2025 Annual Report of Independent Director (Wang Qunfeng)
Dear shareholders and shareholder representatives:
As the independent director of Wuxi Best Precision Machinery Co., Ltd. (hereinafter referred to as "the Company") and the chairman of the audit committee of the fourth board of directors, I have strictly adhered to the requirements of the Company Law of the People's Republic of China, the Management Measures for Independent Directors of Listed Companies, the Corporate Governance Guidelines for Listed Companies, and the Self-Regulatory Guidelines No. 2 for the Standard Operation of GEM Listed Companies issued by the Shenzhen Stock Exchange, as well as the Articles of Association of Wuxi Best Precision Machinery Co., Ltd. and the working system for independent directors. I have faithfully, honestly, and diligently fulfilled my duties as an independent director.

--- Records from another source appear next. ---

lemma prob_many_copies_ge:
  assumes j: "1 \<le> j" "j \<le> k" "k \<le> d"
    and half: "\<forall>m\<in>{j+2..d+1}. edge_prob q m \<le> 1/2"
    and pairs: "real ((k + 1)\<^sup>2) * superset_bound n d q (j + 2) (j + 2) \<le> \<delta> / 2"
    and pos: "0 < config_mean n d j k q" and t: "t \<le> config_mean n d j k q / 2"
  shows "1 - 4 * (2 ^ (k + 1) / config_mean n d j k q + exp \<delta> - 1)
         \<le> measure_pmf.prob (random_edges n d q) {E. t \<le> real (card (copies j k (complex_of n E)))}"
proof -
  let ?M = "random_edges n d q"
  let ?\<mu> = "config_mean n d j k q"
  let ?few = "{E. real (card {a \<in> configs n j k. config_present n d a E}) < ?\<mu> / 2}"
  have "measure_pmf.prob ?M ?few \<le> 4 * (2 ^ (k + 1) * ?\<mu> + (exp \<delta> - 1) * ?\<mu>\<^sup>2) / ?\<mu>\<^sup>2"
    using second_moment_configs_le[OF j half pairs] pos
    by (intro prob_count_less_half_mean finite_set_pmf_random_edges finite_configs)
      (simp_all add: config_mean_def algebra_simps)
  also have "\<dots> = 4 * (2 ^ (k + 1) / ?\<mu> + exp \<delta> - 1)"
    using pos by (simp add: field_simps power2_eq_square)
  finally have few: "measure_pmf.prob ?M ?few \<le> 4 * (2 ^ (k + 1) / ?\<mu> + exp \<delta> - 1)" .
  have "(UNIV - ?few) \<inter> set_pmf ?M \<subseteq> {E. t \<le> real (card (copies j k (complex_of n E)))}"
  proof
    fix E assume E: "E \<in> (UNIV - ?few) \<inter> set_pmf ?M"
    then have "t \<le> real (card {a \<in> configs n j k. config_present n d a E})"
      using t by auto
    moreover have "E \<subseteq> cand_edges n d"
      using E set_pmf_random_edges by blast
    then have "real (card {a \<in> configs n j k. config_present n d a E})
                 \<le> real (card (copies j k (complex_of n E)))"
      using card_present_configs_le_copies[OF j] by (simp only: of_nat_le_iff)
    ultimately show "E \<in> {E. t \<le> real (card (copies j k (complex_of n E)))}"
      by simp
  qed
  then have "measure_pmf.prob ?M (UNIV - ?few)
               \<le> measure_pmf.prob ?M {E. t \<le> real (card (copies j k (complex_of n E)))}"
    by (subst measure_Int_set_pmf[symmetric]) (rule measure_pmf.finite_measure_mono, simp_all)
  then show ?thesis
    using few measure_pmf.prob_compl[of ?few ?M] by simp
qed

section \<open>Asymptotics along a critical direction\<close>

text \<open>Since pbar_i = face_degree_i (i-j)! / n^(i-j), face_degree_i is asymptotically the
  expected number of i-edges through a fixed j-simplex.\<close>
definition face_degree :: "(nat \<Rightarrow> real) \<Rightarrow> (nat \<Rightarrow> nat \<Rightarrow> real) \<Rightarrow> (nat \<Rightarrow> real)
                          \<Rightarrow> nat \<Rightarrow> nat \<Rightarrow> real" where
  "face_degree al be ga i n = (al i * ln (real n) + be i n) / real n powr ga i"

lemma pbar_eq_face_degree:
  assumes "j \<le> i" "n > 0"
  shows "pbar j al be ga i n = face_degree al be ga i n * fact (i - j) / real n ^ (i - j)"
proof -
  have "real n powr (real i - real j + ga i) = real n powr real (i - j) * real n powr ga i"
    using assms(1) by (simp add: powr_add[symmetric])
  also have "real n powr real (i - j) = real n ^ (i - j)"
    using assms(2) by (simp add: powr_realpow)
  finally show ?thesis
    by (simp add: pbar_def face_degree_def field_simps)
qed

lemma edge_prob_thinned_le:
  assumes "j \<le> i" "n > 0" "0 \<le> \<tau>" "0 \<le> face_degree al be ga i n"
  shows "edge_prob (\<lambda>i. \<tau> * pbar j al be ga i n) (i + 1)
           \<le> \<tau> * (face_degree al be ga i n * fact (i - j) / real n ^ (i - j))"
  using assms by (simp add: edge_prob_def pbar_eq_face_degree)

lemma choose_mul_edge_prob_thinned_le:
  assumes "n > 0" "0 \<le> \<tau>" "j \<le> i" "0 \<le> face_degree al be ga i n"
  shows "real (n choose (i - j)) * edge_prob (\<lambda>i. \<tau> * pbar j al be ga i n) (i + 1)
           \<le> \<tau> * face_degree al be ga i n"
proof -
  define s h where "s = i - j" and "h = face_degree al be ga i n"
  have "real (n choose s) * fact s \<le> real n ^ s"
    using binomial_fact_pow[of n s] by (metis of_nat_fact of_nat_le_iff of_nat_mult of_nat_power)
  then have "\<tau> * h * (real (n choose s) * fact s / real n ^ s) \<le> \<tau> * h * 1"
    using assms by (intro mult_left_mono) (auto simp: h_def)
  moreover have "real (n choose s) * edge_prob (\<lambda>i. \<tau> * pbar j al be ga i n) (i + 1)
                   \<le> real (n choose s) * (\<tau> * (h * fact s / real n ^ s))"
    using edge_prob_thinned_le[OF assms(3,1,2,4)] by (intro mult_left_mono) (auto simp: s_def h_def)
  ultimately show ?thesis
    by (simp add: s_def h_def field_simps)
qed

lemma edge_prob_thinned_le_fact:
  fixes \<tau> :: real
  assumes n: "n > 0" and \<tau>: "0 \<le> \<tau>" "\<tau> \<le> 1" and i: "j + 1 \<le> i" "i \<le> d"
    and h: "0 \<le> face_degree al be ga i n"
  defines "r \<equiv> edge_prob (\<lambda>i. \<tau> * pbar j al be ga i n) (i + 1)"
  shows "real (n choose (i - j - 1)) * r \<le> fact d * face_degree al be ga i n / real n"
    and "r \<le> fact d * face_degree al be ga i n / real n"
proof -
  define s h N where "s = i - j" and "h = face_degree al be ga i n" and "N = real n"
  have s: "s \<ge> 1" "fact s \<le> (fact d :: real)"
    using i by (auto simp: s_def intro: fact_mono)
  have N: "N \<ge> 1"
    using n by (simp add: N_def)
  have r: "r \<le> \<tau> * (h * fact s / N ^ s)"
    using edge_prob_thinned_le[of j i n \<tau>] i n \<tau> h by (simp add: r_def s_def h_def N_def)
  have "real (n choose (s - 1)) \<le> N ^ (s - 1)"
    using binomial_fact_pow[of n "s - 1"] unfolding N_def
    by (metis fact_ge_1 le_trans mult_le_cancel1 mult.right_neutral of_nat_le_iff of_nat_power)
  then have "real (n choose (s - 1)) * r \<le> N ^ (s - 1) * (\<tau> * (h * fact s / N ^ s))"
    using r by (intro mult_mono) (auto simp: r_def)
  also have "\<dots> = \<tau> * (h * fact s) / N"
    using N power_Suc2[of N "s - 1"] s(1) by (simp add: field_simps)
  also have "\<dots> \<le> 1 * (h * fact d) / N"
    using \<tau> h s(2) N by (intro divide_right_mono mult_mono) (auto simp: h_def)
  finally show "real (n choose (i - j - 1)) * r \<le> fact d * face_degree al be ga i n / real n"
    by (simp add: s_def h_def N_def mult.commute)
  have "N \<le> N ^ s"
    using N s(1) by (metis power_increasing power_one_right)
  then have "h * fact s / N ^ s \<le> h * fact d / N"
    using s(2) h N by (intro frac_le mult_mono) (auto simp: h_def)
  then have "\<tau> * (h * fact s / N ^ s) \<le> 1 * (h * fact d / N)"
    using \<tau> h N by (intro mult_mono) (auto simp: h_def)
  then show "r \<le> fact d * face_degree al be ga i n / real n"
    using r by (simp add: h_def N_def mult.commute)
qed

locale admissible_direction =
  fixes d j :: nat and al :: "nat \<Rightarrow> real" and be :: "nat \<Rightarrow> nat \<Rightarrow> real"
    and ga :: "nat \<Rightarrow> real"
  assumes admissible: "admissible d j al be ga" and j_pos: "1 \<le> j" and j_less: "j < d"
begin

lemma admissibleD:
  assumes "i \<in> {1..d}"
  shows "al i = 0 \<or> ga i = 0" "0 \<le> al i" "0 \<le> ga i"
    and "al i = 0 \<Longrightarrow> be i = (\<lambda>n. 0) \<or>
           ((\<forall>\<^sub>F n in at_top. be i n > 0) \<and> (\<forall>\<epsilon>>0. be i \<in> o(\<lambda>n. real n powr \<epsilon>)))"
    and "ga i = 0 \<Longrightarrow> (\<lambda>n. \<bar>be i n\<bar>) \<in> o(\<lambda>n. ln (real n))"
  using admissible assms unfolding admissible_def by blast+

definition alpha_sum :: real where
  "alpha_sum = (\<Sum>i\<in>{j+1..d}. al i)"

definition total_degree :: "nat \<Rightarrow> real" where
  "total_degree n = (\<Sum>i\<in>{j+1..d}. face_degree al be ga i n)"

lemma alpha_sum_pos: "0 < alpha_sum"
proof -
  obtain i where "i \<in> {j+1..d}" "al i > 0"
    using admissible by (auto simp: admissible_def)
  moreover have "0 \<le> al i" if "i \<in> {j+1..d}" for i
    using admissibleD(2)[of i] that by auto
  ultimately show ?thesis
    unfolding alpha_sum_def by (intro sum_pos2) auto
qed

lemma face_degree_eq:
  assumes "i \<in> {1..d}"
  shows "face_degree al be ga i n = al i * ln (real n) + be i n / real n powr ga i"
  using admissibleD(1)[OF assms] by (cases "n = 0") (auto simp: face_degree_def add_divide_distrib)

lemma eventually_beta_term_le:
  assumes i: "i \<in> {1..d}" and e: "e > 0"
  shows "\<forall>\<^sub>F n in at_top. \<bar>be i n / real n powr ga i\<bar> \<le> e * ln (real n)"
proof (cases "ga i = 0")
  case True
  then have "\<forall>\<^sub>F n in at_top. norm \<bar>be i n\<bar> \<le> e * norm (ln (real n))"
    using admissibleD(5)[OF i] e by (intro landau_o.smallD) auto
  moreover have "\<forall>\<^sub>F n in at_top. (n::nat) \<ge> 1"
    by (rule eventually_ge_at_top)
  ultimately show ?thesis
    by eventually_elim (use True in auto)
next
  case False
  then have "al i = 0" "ga i > 0"
    using admissibleD(1-3)[OF i] by auto
  then have "be i \<in> o(\<lambda>n. real n powr ga i)"
    using admissibleD(4)[OF i] by auto
  then have "\<forall>\<^sub>F n in at_top. norm (be i n) \<le> 1 * norm (real n powr ga i)"
    by (rule landau_o.smallD) simp
  moreover have "\<forall>\<^sub>F n in at_top. 1 \<le> e * ln (real n)"
    using e by real_asymp
  moreover have "\<forall>\<^sub>F n in at_top. (n::nat) \<ge> 1"
    by (rule eventually_ge_at_top)
  ultimately show ?thesis
  proof eventually_elim
    case (elim n)
    then have "\<bar>be i n / real n powr ga i\<bar> \<le> 1"
      by (simp add: abs_div divide_le_eq_1)
    then show ?case
      using elim by linarith
  qed
qed

lemma eventually_face_degree_nonneg:
  "\<forall>\<^sub>F n in at_top. \<forall>i\<in>{1..d}. 0 \<le> face_degree al be ga i n"
proof -
  have "\<forall>\<^sub>F n in at_top. 0 \<le> face_degree al be ga i n" if i: "i \<in> {1..d}" for i
  proof (cases "al i = 0")
    case False
    then have "al i > 0"
      using admissibleD(2)[OF i] by simp
    then have "\<forall>\<^sub>F n in at_top. \<bar>be i n / real n powr ga i\<bar> \<le> al i * ln (real n)"
      by (rule eventually_beta_term_le[OF i])
    then show ?thesis
    proof eventually_elim
      case (elim n)
      then have "- (be i n / real n powr ga i) \<le> al i * ln (real n)"
        by (meson abs_le_D2)
      then show ?case
        by (simp add: face_degree_eq[OF i])
    qed
  next
    case True
    then have "be i = (\<lambda>n. 0) \<or> (\<forall>\<^sub>F n in at_top. be i n > 0)"
      using admissibleD(4)[OF i] by blast
    then show ?thesis
      using True by (auto simp: face_degree_def elim: eventually_mono)
  qed
  then show ?thesis
    by (simp add: eventually_ball_finite_distrib)
qed

lemma eventually_total_degree_bounds:
  "\<forall>\<^sub>F n in at_top. alpha_sum / 2 * ln (real n) \<le> total_degree n
                    \<and> total_degree n \<le> (alpha_sum + 1) * ln (real n)"
proof -
  define e where "e = min (alpha_sum / 2) 1 / real (card {j+1..d})"
  have "e > 0"
    using alpha_sum_pos j_less by (simp add: e_def)
  then have "\<forall>i\<in>{j+1..d}. \<forall>\<^sub>F n in at_top. \<bar>be i n / real n powr ga i\<bar> \<le> e * ln (real n)"
    using j_pos eventually_beta_term_le by simp
  then have "\<forall>\<^sub>F n in at_top. \<forall>i\<in>{j+1..d}. \<bar>be i n / real n powr ga i\<bar> \<le> e * ln (real n)"
    by (simp add: eventually_ball_finite_distrib)
  moreover have "\<forall>\<^sub>F n in at_top. (n::nat) \<ge> 1"
    by (rule eventually_ge_at_top)
  ultimately show ?thesis
  proof eventually_elim
    case (elim n)
    define S where "S = (\<Sum>i\<in>{j+1..d}. be i n / real n powr ga i)"
    define m where "m = min (alpha_sum / 2) 1"
    have total: "total_degree n = alpha_sum * ln (real n) + S"
      using j_pos face_degree_eq
      by (simp add: total_degree_def alpha_sum_def S_def sum.distrib sum_distrib_right)
    have "\<bar>S\<bar> \<le> (\<Sum>i\<in>{j+1..d}. e * ln (real n))"
      unfolding S_def using elim(1) by (intro order_trans[OF sum_abs sum_mono]) auto
    also have "\<dots> = m * ln (real n)"
      using j_less by (simp add: e_def m_def)
    finally have "- (m * ln (real n)) \<le> S" "S \<le> m * ln (real n)"
      by linarith+
    moreover have "m * ln (real n) \<le> alpha_sum / 2 * ln (real n)" "m * ln (real n) \<le> 1 * ln (real n)"
      using elim(2) by (intro mult_right_mono; simp add: m_def)+
    ultimately show ?case
      unfolding total distrib_right by linarith
  qed
qed

definition ln_correction :: "nat \<Rightarrow> nat \<Rightarrow> real" where
  "ln_correction k n =
     (if pbar j al be ga k n > 1 then 0 else if al k \<noteq> 0 then ln (ln (real n)) else ln (be k n))"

I actively attended relevant meetings in 2025, carefully reviewed the proposals of the board of directors and the subordinate audit committee, and provided independent and objective opinions on related matters, positively contributing to the company's standardized governance and effectively safeguarding the overall interests of the company and the legitimate rights and interests of all shareholders, especially minority shareholders.

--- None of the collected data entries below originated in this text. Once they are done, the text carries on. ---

text \<open>In the degenerate case \<open>P\<^sub>2\<^sub>n = (x\<^sup>n \<plusminus> 1)\<^sup>2\<close>.\<close>
definition degenerate :: bool where
  "degenerate \<longleftrightarrow> (\<forall>j\<in>{1..k}. a j = 0) \<and> \<bar>a 0\<bar> = 2"

lemma finite_Q_abs_eq_2:
  assumes "\<not> degenerate"
  shows "finite {t\<in>{-pi..pi}. \<bar>Q t\<bar> = 2}"
proof (cases "\<forall>j\<in>{1..k}. a j = 0")
  case True
  then have "\<bar>Q t\<bar> \<noteq> 2" for t using assms unfolding degenerate_def Q_def by simp
  then show ?thesis by simp
next
  case False
  then obtain j0 where j0: "j0 \<in> {1..k}" "a j0 \<noteq> 0" by blast
  have "{t\<in>{-pi..pi}. \<bar>Q t\<bar> = 2} \<subseteq> {t\<in>{-pi..pi}. Q t = 2} \<union> {t\<in>{-pi..pi}. Q t = -2}" by auto
  then show ?thesis using finite_Q_level_set[OF j0] finite_subset by blast
qed

lemma zeros_on_Ppoly_degenerate:
  assumes "degenerate" "k < n"
  shows "zeros_on (Ppoly k a n) = 2*n"
proof -
  have roots_on_circle: "norm w = 1" if "poly (Ppoly k a n) w = 0" for w
  proof -
    have "(a 0)^2 = \<bar>a 0\<bar>^2" by simp
    also have "\<dots> = 4" using assms(1) unfolding degenerate_def by simp
    finally have a0: "(of_int (a 0) :: complex)^2 = 4" by (metis of_int_numeral of_int_power)
    have "poly (Ppoly k a n) w = (w^n)^2 + of_int (a 0) * w^n + 1"
      using assms(1) unfolding degenerate_def Ppoly_def by (simp add: poly_monom power_mult mult.commute[of 2])
    also have "\<dots> = (w^n + of_int (a 0) / 2)^2"
      using a0 by (simp add: power2_eq_square field_simps)
    finally have "poly (Ppoly k a n) w = (w^n + of_int (a 0) / 2)^2" .
    then have "w^n = - (of_int (a 0) / 2)" using that by (simp add: add_eq_0_iff)
    then have "norm w ^ n = norm (of_int (a 0) :: complex) / 2"
      by (metis norm_divide norm_minus_cancel norm_numeral norm_power)
    also have "\<dots> = 1 ^ n" using assms(1) unfolding degenerate_def by (simp flip: of_int_abs)
    finally show ?thesis using power_eq_iff_eq_base[of n "norm w" 1] assms(2) by simp
  qed
  have "filter_mset (\<lambda>z. norm z = 1) (proots (Ppoly k a n)) = filter_mset (\<lambda>_. True) (proots (Ppoly k a n))"
    using roots_on_circle Ppoly_nonzero[OF assms(2)] by (intro filter_mset_cong) auto
  then show ?thesis
    unfolding zeros_on_def using size_proots_complex degree_Ppoly[OF assms(2)] by simp
qed

definition good_cell :: "nat \<Rightarrow> nat \<Rightarrow> bool" where
  "good_cell N i \<longleftrightarrow> (\<forall>t\<in>{cell_lo N i..cell_hi N i}. \<bar>Q t\<bar> < 2)"

definition bad_cell :: "nat \<Rightarrow> nat \<Rightarrow> bool" where
  "bad_cell N i \<longleftrightarrow> (\<forall>t\<in>{cell_lo N i..cell_hi N i}. 2 < \<bar>Q t\<bar>)"

definition good_cells :: "nat \<Rightarrow> nat set" where
  "good_cells N = {i\<in>{..<N}. good_cell N i}"

definition mixed_cells :: "nat \<Rightarrow> nat set" where
  "mixed_cells N = {i\<in>{..<N}. \<not> good_cell N i \<and> \<not> bad_cell N i}"

lemma card_mixed_cells_le:
  assumes "N > 0" "\<not> degenerate"
  shows "card (mixed_cells N) \<le> 2 * card {t\<in>{-pi..pi}. \<bar>Q t\<bar> = 2}"
proof -
  have "\<exists>t\<in>{t\<in>{-pi..pi}. \<bar>Q t\<bar> = 2}. t \<in> {cell_lo N i..cell_hi N i}" if "i \<in> mixed_cells N" for i
  proof -
    have "\<not> good_cell N i" "\<not> bad_cell N i" using that unfolding mixed_cells_def by auto
    then obtain t1 t2 where t: "t1 \<in> {cell_lo N i..cell_hi N i}" "2 \<le> \<bar>Q t1\<bar>"
      "t2 \<in> {cell_lo N i..cell_hi N i}" "\<bar>Q t2\<bar> \<le> 2"
      unfolding good_cell_def bad_cell_def by (meson not_less)
    have "continuous_on S (\<lambda>t. \<bar>Q t\<bar>)" for S by (intro continuous_intros continuous_on_Q)
    moreover have "2 \<in> closed_segment \<bar>Q t1\<bar> \<bar>Q t2\<bar>"
      using t by (auto simp: closed_segment_eq_real_ivl)
    ultimately obtain t where "t \<in> closed_segment t1 t2" "\<bar>Q t\<bar> = 2"
      using IVT'_closed_segment_real[where f="\<lambda>t. \<bar>Q t\<bar>" and y=2 and a=t1 and b=t2] by blast
    moreover have "closed_segment t1 t2 \<subseteq> {cell_lo N i..cell_hi N i}"
      using t by (simp add: closed_segment_subset is_interval_convex)
    moreover have "i < N" using that unfolding mixed_cells_def by simp
    ultimately show ?thesis using cell_subset[of i N] by blast
  qed
  then have "mixed_cells N \<subseteq> {i\<in>{..<N}. \<exists>t\<in>{t\<in>{-pi..pi}. \<bar>Q t\<bar> = 2}. t \<in> {cell_lo N i..cell_hi N i}}"
    unfolding mixed_cells_def by blast
  then have "card (mixed_cells N)
      \<le> card {i\<in>{..<N}. \<exists>t\<in>{t\<in>{-pi..pi}. \<bar>Q t\<bar> = 2}. t \<in> {cell_lo N i..cell_hi N i}}"
    by (intro card_mono) simp_all
  then show ?thesis
    using card_cells_meeting_le[OF assms(1) finite_Q_abs_eq_2[OF assms(2)]] by linarith
qed

text \<open>The bounds make \<open>F1 n\<close> a perturbation of \<open>2n sin(nt)\<close> as in \<open>card_zeros_perturbed_sin_le\<close>, and rule
  out zeros of multiplicity three.\<close>
definition large_degree :: "nat \<Rightarrow> bool" where
  "large_degree n \<longleftrightarrow> k < n \<and> B1 \<le> real n \<and> B2 < (real n)^2 \<and> B1^2 + B2^2 < 4 * (real n)^2"

lemma eventually_large_degree: "eventually large_degree sequentially"
  using eventually_gt_real_sequentially[of "max (real k) (max B1 (max (B2 + 1) (B1^2 + B2^2 + 1)))"]
proof (rule eventually_mono)
  fix n assume n: "max (real k) (max B1 (max (B2 + 1) (B1^2 + B2^2 + 1))) < real n"
  have "real n \<le> (real n)^2" by (metis le_square of_nat_le_iff of_nat_mult power2_eq_square)
  moreover have "k < n" "B1 \<le> real n" "B2 + 1 < real n" "B1^2 + B2^2 + 1 < real n" using n by auto
  ultimately show "large_degree n" unfolding large_degree_def by (intro conjI) linarith+
qed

I hereby report on my performance as an independent director in 2025 as follows:
I. Basic Information
I, Wang Qunfeng, male, born in February 1968, Chinese nationality, without permanent residence abroad, hold a doctorate. I have previously served as the deputy director of the Wuxi Audit Bureau, deputy director of the Wuxi New District Audit Bureau, deputy director of the Wuxi New District Finance Bureau, director of the Investment Promotion Bureau of Wuxi New District, director of the Service Industry Investment Promotion Bureau of Wuxi New District, deputy director of the Wuxi Airport Industrial Park, and deputy director of Tianheng Accounting Firm (Special General Partnership) Wuxi Branch. I am currently the president of Jiangsu Pufin Group, a partner at Zhongtian Accounting Firm (Special General Partnership) Jiangsu Branch, and an independent director of the company.
During the reporting period, my position complies with the independence requirements stipulated in the Management Measures for Independent Directors of Listed Companies, and there are no circumstances affecting my independence.
II. Performance in 2025
(A) Attendance at Board Meetings
In 2025, the company held 4 board meetings, and I personally attended all 4 meetings, either in person or via communication, without any proxy attendance or absence. I actively participated in the board meetings, communicated with the management to understand the company's operations, carefully reviewed meeting documents, engaged in discussions on various proposals, and provided independent opinions, offering professional and reasonable suggestions while exercising my voting rights cautiously. I voted in favor of all proposals reviewed during the board meetings in 2025.
(B) Attendance at Shareholder Meetings
In 2025, the company held 3 shareholder meetings, and I attended all 3 meetings as an independent director.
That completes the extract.